'Lunacy': Former Prosecutor Explains Why Trump Is Acting Like A 'Mob Boss' When He Attacks Cohen for 'Flipping'
One of the most insane moments from President Donald Trump's new interview with Fox & Friends commentator Ainsley Earhardt is when he essentially argued the practice of defendants "flipping" on other defendants in criminal trials should be ended.
"For 30 or 40 years I’ve been watching flippers," said Trump, while discussing the plea bargain of his former personal attorney and fixer Michael Cohen. "Everything's wonderful, then they get 10 years in jail and they flip on whoever the next highest one is or as high as you can go. It almost ought to be outlawed, it's not fair."
The idea of the President of the United States saying, in essence, that there should be no snitching, is mind boggling. And in conversation with CNN's Poppy Harlow and legal analyst Jeffrey Toobin on Thursday, former federal prosecutor Elie Hoenig compared Trump's complaint to the rhetoric of a mob boss.
"This is a subject close to my heart, having been a prosecutor not long ago, and this is lunacy," said Hoenig. "Do you know who hates cooperating witnesses most? Jeff knows this. The leaders of criminal organizations, drug traffickers hate cooperating witnesses. Mob bosses, corrupt CEOs and politicians, because that's how they get brought down. To be discouraging and intimidating people from giving testimony is outrageous."
"And I will say this," he added. "The president went on to say now they're saying Michael Cohen is a hero and they're going to build a statue. Not at all. Cooperating witnesses are bad people. That's what we say as prosecutors all the time, they're cooperating for a reason, because they're criminals. That's where the jury system kicks in.

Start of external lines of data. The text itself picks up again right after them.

(* Let $a\neq 0$, $b$ be integers with $\gcd(a,b)=1$, let $k\ge 1$ be an integer, and let $c_1,e_1\in\mathbb{Q}\setminus\{0\}$, $c_0,e_0\in\mathbb{Q}$. Then there is no integer $m>4$ and no $\delta\in\mathbb{Q}\setminus\{0\}$ such that the polynomial identity $$S_{a,b}^k(c_1x+c_0)=e_1D_m(x,\delta)+e_0$$ holds in $\mathbb{Q}[x]$.
   Context: The Bernoulli polynomials $B_n(x)$ are defined by $\frac{t e^{tx}}{e^t-1}=\sum_{n\ge 0}B_n(x)\frac{t^n}{n!}$. For integers $a\neq 0$, $b$ with $\gcd(a,b)=1$ and an integer $k\ge 1$, define the polynomial $$S_{a,b}^k(x):=\frac{a^k}{k+1}\left(B_{k+1}\!\left(x+\frac{b}{a}\right)-B_{k+1}\!\left(\frac{b}{a}\right)\right)\in\mathbb{Q}[x].$$ For a positive integer $m$ and a number $\delta$, the $m$-th Dickson polynomial with parameter $\delta$ is $$D_m(x,\delta)=\sum_{i=0}^{\lfloor m/2\rfloor}\frac{m}{m-i}\binom{m-i}{i}(-\delta)^i x^{m-2i},$$ equivalently characterized by $D_m(z+\delta/z,\delta)=z^m+(\delta/z)^m$. *)

theory Defs
  imports "HOL-Computational_Algebra.Polynomial"
begin

text \<open>Bernoulli numbers with the convention t/(e^t - 1) = sum B_n t^n/n!, i.e. B_1 = -1/2,
  given by the recurrence  sum_{j=0}^{n} (n+1 choose j) B_j = 0 for n >= 1, B_0 = 1.\<close>
fun bernoulli_num :: "nat \<Rightarrow> rat" where
  "bernoulli_num n =
     (if n = 0 then 1
      else - (\<Sum>j<n. of_nat ((n + 1) choose j) * (if j < n then bernoulli_num j else 0))
             / of_nat (n + 1))"

definition bernpoly :: "nat \<Rightarrow> rat poly" where
  "bernpoly n = (\<Sum>j\<le>n. monom (of_nat (n choose j) * bernoulli_num j) (n - j))"

definition S_poly :: "int \<Rightarrow> int \<Rightarrow> nat \<Rightarrow> rat poly" where
  "S_poly a b k =
     smult (of_int a ^ k / of_nat (k + 1))
       (pcompose (bernpoly (k + 1)) [:of_int b / of_int a, 1:]
        - [:poly (bernpoly (k + 1)) (of_int b / of_int a):])"

definition dickson :: "nat \<Rightarrow> rat \<Rightarrow> rat poly" where
  "dickson m \<delta> =
     (\<Sum>i\<le>m div 2. monom (of_nat m / of_nat (m - i) * of_nat ((m - i) choose i) * (- \<delta>) ^ i)
                          (m - 2 * i))"

end

theory Submission imports Defs begin

(* Put n = k + 1, A = a^k/(k+1) and t = b/a + c0.  Then
   S(c1 x + c0) = A (B_n(c1 x + t) - B_n(b/a)), and by the Appell property of the
   Bernoulli polynomials the coefficient of x^(n-r) in B_n(c1 x + t) is
   C(n,r) c1^(n-r) B_r(t).  The Dickson polynomial D_m(x,delta) is monic of degree m
   with coefficients 0, -m delta and m(m-3)/2 delta^2 at x^(m-1), x^(m-2), x^(m-4). *)

section \<open>Coefficients of shifted Bernoulli polynomials\<close>

lemma pcompose_monom_eq: "pcompose (monom c d) q = smult c (q ^ d)"
  by (induction d) (simp_all add: pcompose_pCons monom_Suc monom_0)

text \<open>Binomial expansion of a power of a linear polynomial, valid for every index.\<close>
lemma coeff_linear_power:
  fixes t s :: "'a :: comm_semiring_1"
  shows "coeff ([:t, s:] ^ d) l = of_nat (d choose l) * s ^ l * t ^ (d - l)"
proof (cases "l \<le> d")
  case True
  then show ?thesis by (rule coeff_linear_poly_power)
next
  case False
  have "degree ([:t, s:] ^ d) \<le> degree [:t, s:] * d"
    by (rule degree_power_le)
  also have "\<dots> \<le> d" by simp
  finally have "degree ([:t, s:] ^ d) \<le> d" .
  then show ?thesis using False by (simp add: coeff_eq_0 binomial_eq_0)
qed

lemma coeff_bernpoly_pcompose:
  "coeff (pcompose (bernpoly n) [:t, s:]) l =
     (\<Sum>j\<le>n. of_nat (n choose j) * bernoulli_num j * (of_nat ((n - j) choose l) * s ^ l * t ^ (n - j - l)))"
  by (simp add: bernpoly_def pcompose_sum pcompose_monom_eq coeff_sum coeff_linear_power)

lemma poly_bernpoly:
  "poly (bernpoly r) t = (\<Sum>j\<le>r. of_nat (r choose j) * bernoulli_num j * t ^ (r - j))"
  by (simp add: bernpoly_def poly_sum poly_monom)

lemma coeff_bernpoly_pcompose_high:
  assumes "n < l"
  shows "coeff (pcompose (bernpoly n) [:t, s:]) l = 0"
  unfolding coeff_bernpoly_pcompose using assms by (intro sum.neutral) auto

Juries will evaluate the cooperating witnesses and they'll see them and decide do I believe this person, does the other evidence back them up? If not, they acquit. But if they credit the cooperator, as we just saw largely in Manafort, they'll convict. But that's the system."
Cohen's guilty plea to eight counts of bank fraud, tax evasion, and campaign finance violations is broadly considered to implicate Trump in federal crimes as well. Trump's decision to respond by saying that ratting people out shouldn't be allowed makes the entire affair that much more damning for himself.